(Material for this exercise)

lemma uprod_ultrafilter:
  assumes u: "ultrafilter u" and v: "ultrafilter v"
  shows "ultrafilter (uprod u v)"
proof -
  have "lquot {} v = {}" unfolding lquot_def using ultrafilter_empty[OF v] by simp
  then have empty: "{} \<notin> uprod u v" using ultrafilter_empty[OF u] by (simp add: uprod_iff)
  have mono: "Y \<in> uprod u v" if "X \<in> uprod u v" "X \<subseteq> Y" for X Y
    using ultrafilter_mono[OF u] lquot_mono[OF v that(2)] that(1) unfolding uprod_iff by blast
  have Int: "X \<inter> Y \<in> uprod u v" if "X \<in> uprod u v" "Y \<in> uprod u v" for X Y
  proof -
    have "lquot X v \<inter> lquot Y v \<subseteq> lquot (X \<inter> Y) v"
      unfolding lquot_def using ultrafilter_Int[OF v] by (auto simp: Collect_conj_eq)
    moreover have "lquot X v \<inter> lquot Y v \<in> u"
      using that ultrafilter_Int[OF u] unfolding uprod_iff by blast
    ultimately show ?thesis using ultrafilter_mono[OF u] unfolding uprod_iff by blast
  qed
  have Compl: "X \<in> uprod u v \<or> - X \<in> uprod u v" for X
    using ultrafilter_Compl[OF u, of "lquot X v"] unfolding uprod_iff lquot_Compl[OF v] by blast
  show ?thesis unfolding ultrafilter_def
    by (intro conjI empty allI impI ballI Compl) (auto intro: mono Int)
qed

lemma uprod_memI:
  assumes "ultrafilter u" "X \<in> u" "\<And>x. x \<in> X \<Longrightarrow> {y. x @ y \<in> Y} \<in> v"
  shows "Y \<in> uprod u v"
proof -
  have "X \<subseteq> lquot Y v" using assms(3) unfolding lquot_def by blast
  then show ?thesis using ultrafilter_mono[OF assms(1,2)] by (simp add: uprod_iff)
qed

lemma uprod_assoc: "uprod (uprod u v) w = uprod u (uprod v w)"
  unfolding uprod_def lquot_def by simp

lemma umap_uprod:
  assumes hom: "\<And>x y. f (x @ y) = f x @ f y"
  shows "umap f (uprod u v) = uprod (umap f u) (umap f v)"
proof -
  have "f -` lquot X (umap f v) = lquot (f -` X) v" for X
    unfolding lquot_def umap_def by (auto simp: hom)
  then show ?thesis unfolding umap_def uprod_def by auto
qed

definition prod_closed :: "'c list set set set \<Rightarrow> bool" where
  "prod_closed S \<longleftrightarrow> (\<forall>u\<in>S. \<forall>v\<in>S. uprod u v \<in> S)"

lemma prod_closedD: "prod_closed S \<Longrightarrow> u \<in> S \<Longrightarrow> v \<in> S \<Longrightarrow> uprod u v \<in> S"
  unfolding prod_closed_def by blast
(* Let $P\in\mathcal{P}$, $\alpha\in(0,1]$ and $Q\in P^\alpha$. Then, almost surely, $Q\in\liminf_n P_n^\alpha$; i.e. almost surely there exists a sequence $\{Q_n\}_n$ with $Q_n\in P_n^\alpha$ for all $n$ and $Q_n\to Q$ weakly.
   Context: $\mathcal{P}$ denotes the set of all probability measures on $(\mathbb{R}^d,\mathcal{B}_d)$, $\mathcal{B}_d$ the Borel $\sigma$-algebra, endowed with the topology of weak convergence. For $R\in\mathcal{P}$ and $\alpha\in(0,1]$, the $\alpha$-trimming of $R$ is $R^\alpha=\{Q\in\mathcal{P} : Q(B)\le \alpha^{-1}R(B)\text{ for all } B\in\mathcal{B}_d\}$. $\{X_i\}_{i\ge1}$ are i.i.d. random vectors in $\mathbb{R}^d$ with law $P$, and $P_n=\frac1n\sum_{i=1}^n\delta_{X_i}$ is the empirical probability. For sets $A_n\subset\mathcal{P}$, $\liminf_n A_n=\{Q\in\mathcal{P}:\exists\, Q_n\in A_n \text{ for all } n \text{ with } Q_n\to Q \text{ weakly}\}$ and $\limsup_n A_n=\{Q\in\mathcal{P}:\exists\, n_1<n_2<\dots,\ Q_{n_k}\in A_{n_k},\ Q_{n_k}\to Q\text{ weakly}\}$. *)

theory Defs
  imports "HOL-Probability.Probability"
begin

text \<open>Probability measures on (R^d, Borel sets); R^d is modelled by an arbitrary
  Euclidean space type 'a.\<close>
definition prob_measures :: "'a::euclidean_space measure set" where
  "prob_measures = {Q. sets Q = sets (borel :: 'a measure) \<and> prob_space Q}"

definition trimming :: "'a::euclidean_space measure \<Rightarrow> real \<Rightarrow> 'a measure set" where
  "trimming R \<alpha> = {Q \<in> prob_measures.
      \<forall>B \<in> sets (borel :: 'a measure). measure Q B \<le> measure R B / \<alpha>}"

definition weakly_conv :: "(nat \<Rightarrow> 'a::euclidean_space measure) \<Rightarrow> 'a measure \<Rightarrow> bool" where
  "weakly_conv Qs Q \<longleftrightarrow> (\<forall>f :: 'a \<Rightarrow> real. continuous_on UNIV f \<and> bounded (range f) \<longrightarrow>
      (\<lambda>n. integral\<^sup>L (Qs n) f) \<longlonglongrightarrow> integral\<^sup>L Q f)"

text \<open>Empirical measure P_n = (1/n) sum_{i<n} delta_{X_i(omega)} (observations indexed from 0).\<close>
definition empirical :: "(nat \<Rightarrow> 'w \<Rightarrow> 'a::euclidean_space) \<Rightarrow> nat \<Rightarrow> 'w \<Rightarrow> 'a measure" where
  "empirical X n \<omega> = measure_of UNIV (sets (borel :: 'a measure))
      (\<lambda>B. ennreal (real (card {i. i < n \<and> X i \<omega> \<in> B}) / real n))"

end

theory Submission
  imports Defs
begin

text \<open>
  By Radon--Nikodym, \<open>Q = g \<cdot> P\<close> with a density
  \<open>0 \<le> g \<le> 1/\<alpha>\<close>.  For \<open>\<alpha> < 1\<close> we give the \<open>i\<close>-th observation the weight
  \<open>w\<^sub>i = (t/c \<cdot> g(X\<^sub>i) + (1 - t)) / n\<close>, where \<open>c\<close> is the sample mean of \<open>g\<close> and the
  mixing parameter \<open>t = mix_weight \<alpha> c \<in> [0,1]\<close> keeps every weight below \<open>1/(n\<alpha>)\<close>; the
  reweighted empirical measure is therefore an \<open>\<alpha>\<close>-trimming of \<open>P\<^sub>n\<close>.  Since \<open>c \<rightarrow> 1\<close> and
  \<open>t \<rightarrow> 1\<close>, its integral of a bounded continuous \<open>f\<close> tends to \<open>\<integral> f g dP = \<integral> f dQ\<close>,
  provided the sample means of \<open>f\<cdot>g\<close> and \<open>f\<close> converge for all such \<open>f\<close> simultaneously.
  For \<open>\<alpha> = 1\<close> we have \<open>Q = P\<close> and the empirical measures themselves work.

  The simultaneous convergence is the heart of the proof: the strong law of large numbers
  for bounded functions (Hoeffding plus Borel--Cantelli) holds a.s. for the countably many
  indicators of the cells of a dense sequence at all meshes \<open>1/(m+1)\<close>; a deterministic
  sandwich argument then extends convergence of sample means from these cells to every
  bounded continuous \<open>f\<close>.
\<close>

definition sample_mean :: "(nat \<Rightarrow> 'a) \<Rightarrow> ('a \<Rightarrow> real) \<Rightarrow> nat \<Rightarrow> real" where
  "sample_mean p u n = (\<Sum>i<n. u (p i)) / real n"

(End Material for this exercise)

Work instruction:
Word for word, write out each entry shown above.

Answer box:
lemma uprod_ultrafilter:
  assumes u: "ultrafilter u" and v: "ultrafilter v"
  shows "ultrafilter (uprod u v)"
proof -
  have "lquot {} v = {}" unfolding lquot_def using ultrafilter_empty[OF v] by simp
  then have empty: "{} \<notin> uprod u v" using ultrafilter_empty[OF u] by (simp add: uprod_iff)
  have mono: "Y \<in> uprod u v" if "X \<in> uprod u v" "X \<subseteq> Y" for X Y
    using ultrafilter_mono[OF u] lquot_mono[OF v that(2)] that(1) unfolding uprod_iff by blast
  have Int: "X \<inter> Y \<in> uprod u v" if "X \<in> uprod u v" "Y \<in> uprod u v" for X Y
  proof -
    have "lquot X v \<inter> lquot Y v \<subseteq> lquot (X \<inter> Y) v"
      unfolding lquot_def using ultrafilter_Int[OF v] by (auto simp: Collect_conj_eq)
    moreover have "lquot X v \<inter> lquot Y v \<in> u"
      using that ultrafilter_Int[OF u] unfolding uprod_iff by blast
    ultimately show ?thesis using ultrafilter_mono[OF u] unfolding uprod_iff by blast
  qed
  have Compl: "X \<in> uprod u v \<or> - X \<in> uprod u v" for X
    using ultrafilter_Compl[OF u, of "lquot X v"] unfolding uprod_iff lquot_Compl[OF v] by blast
  show ?thesis unfolding ultrafilter_def
    by (intro conjI empty allI impI ballI Compl) (auto intro: mono Int)
qed

lemma uprod_memI:
  assumes "ultrafilter u" "X \<in> u" "\<And>x. x \<in> X \<Longrightarrow> {y. x @ y \<in> Y} \<in> v"
  shows "Y \<in> uprod u v"
proof -
  have "X \<subseteq> lquot Y v" using assms(3) unfolding lquot_def by blast
  then show ?thesis using ultrafilter_mono[OF assms(1,2)] by (simp add: uprod_iff)
qed

lemma uprod_assoc: "uprod (uprod u v) w = uprod u (uprod v w)"
  unfolding uprod_def lquot_def by simp

lemma umap_uprod:
  assumes hom: "\<And>x y. f (x @ y) = f x @ f y"
  shows "umap f (uprod u v) = uprod (umap f u) (umap f v)"
proof -
  have "f -` lquot X (umap f v) = lquot (f -` X) v" for X
    unfolding lquot_def umap_def by (auto simp: hom)
  then show ?thesis unfolding umap_def uprod_def by auto
qed

definition prod_closed :: "'c list set set set \<Rightarrow> bool" where
  "prod_closed S \<longleftrightarrow> (\<forall>u\<in>S. \<forall>v\<in>S. uprod u v \<in> S)"

lemma prod_closedD: "prod_closed S \<Longrightarrow> u \<in> S \<Longrightarrow> v \<in> S \<Longrightarrow> uprod u v \<in> S"
  unfolding prod_closed_def by blast
(* Let $P\in\mathcal{P}$, $\alpha\in(0,1]$ and $Q\in P^\alpha$. Then, almost surely, $Q\in\liminf_n P_n^\alpha$; i.e. almost surely there exists a sequence $\{Q_n\}_n$ with $Q_n\in P_n^\alpha$ for all $n$ and $Q_n\to Q$ weakly.
   Context: $\mathcal{P}$ denotes the set of all probability measures on $(\mathbb{R}^d,\mathcal{B}_d)$, $\mathcal{B}_d$ the Borel $\sigma$-algebra, endowed with the topology of weak convergence. For $R\in\mathcal{P}$ and $\alpha\in(0,1]$, the $\alpha$-trimming of $R$ is $R^\alpha=\{Q\in\mathcal{P} : Q(B)\le \alpha^{-1}R(B)\text{ for all } B\in\mathcal{B}_d\}$. $\{X_i\}_{i\ge1}$ are i.i.d. random vectors in $\mathbb{R}^d$ with law $P$, and $P_n=\frac1n\sum_{i=1}^n\delta_{X_i}$ is the empirical probability. For sets $A_n\subset\mathcal{P}$, $\liminf_n A_n=\{Q\in\mathcal{P}:\exists\, Q_n\in A_n \text{ for all } n \text{ with } Q_n\to Q \text{ weakly}\}$ and $\limsup_n A_n=\{Q\in\mathcal{P}:\exists\, n_1<n_2<\dots,\ Q_{n_k}\in A_{n_k},\ Q_{n_k}\to Q\text{ weakly}\}$. *)

theory Defs
  imports "HOL-Probability.Probability"
begin

text \<open>Probability measures on (R^d, Borel sets); R^d is modelled by an arbitrary
  Euclidean space type 'a.\<close>
definition prob_measures :: "'a::euclidean_space measure set" where
  "prob_measures = {Q. sets Q = sets (borel :: 'a measure) \<and> prob_space Q}"

definition trimming :: "'a::euclidean_space measure \<Rightarrow> real \<Rightarrow> 'a measure set" where
  "trimming R \<alpha> = {Q \<in> prob_measures.
      \<forall>B \<in> sets (borel :: 'a measure). measure Q B \<le> measure R B / \<alpha>}"

definition weakly_conv :: "(nat \<Rightarrow> 'a::euclidean_space measure) \<Rightarrow> 'a measure \<Rightarrow> bool" where
  "weakly_conv Qs Q \<longleftrightarrow> (\<forall>f :: 'a \<Rightarrow> real. continuous_on UNIV f \<and> bounded (range f) \<longrightarrow>
      (\<lambda>n. integral\<^sup>L (Qs n) f) \<longlonglongrightarrow> integral\<^sup>L Q f)"

text \<open>Empirical measure P_n = (1/n) sum_{i<n} delta_{X_i(omega)} (observations indexed from 0).\<close>
definition empirical :: "(nat \<Rightarrow> 'w \<Rightarrow> 'a::euclidean_space) \<Rightarrow> nat \<Rightarrow> 'w \<Rightarrow> 'a measure" where
  "empirical X n \<omega> = measure_of UNIV (sets (borel :: 'a measure))
      (\<lambda>B. ennreal (real (card {i. i < n \<and> X i \<omega> \<in> B}) / real n))"

end

theory Submission
  imports Defs
begin

text \<open>
  By Radon--Nikodym, \<open>Q = g \<cdot> P\<close> with a density
  \<open>0 \<le> g \<le> 1/\<alpha>\<close>.  For \<open>\<alpha> < 1\<close> we give the \<open>i\<close>-th observation the weight
  \<open>w\<^sub>i = (t/c \<cdot> g(X\<^sub>i) + (1 - t)) / n\<close>, where \<open>c\<close> is the sample mean of \<open>g\<close> and the
  mixing parameter \<open>t = mix_weight \<alpha> c \<in> [0,1]\<close> keeps every weight below \<open>1/(n\<alpha>)\<close>; the
  reweighted empirical measure is therefore an \<open>\<alpha>\<close>-trimming of \<open>P\<^sub>n\<close>.  Since \<open>c \<rightarrow> 1\<close> and
  \<open>t \<rightarrow> 1\<close>, its integral of a bounded continuous \<open>f\<close> tends to \<open>\<integral> f g dP = \<integral> f dQ\<close>,
  provided the sample means of \<open>f\<cdot>g\<close> and \<open>f\<close> converge for all such \<open>f\<close> simultaneously.
  For \<open>\<alpha> = 1\<close> we have \<open>Q = P\<close> and the empirical measures themselves work.

  The simultaneous convergence is the heart of the proof: the strong law of large numbers
  for bounded functions (Hoeffding plus Borel--Cantelli) holds a.s. for the countably many
  indicators of the cells of a dense sequence at all meshes \<open>1/(m+1)\<close>; a deterministic
  sandwich argument then extends convergence of sample means from these cells to every
  bounded continuous \<open>f\<close>.
\<close>

definition sample_mean :: "(nat \<Rightarrow> 'a) \<Rightarrow> ('a \<Rightarrow> real) \<Rightarrow> nat \<Rightarrow> real" where
  "sample_mean p u n = (\<Sum>i<n. u (p i)) / real n"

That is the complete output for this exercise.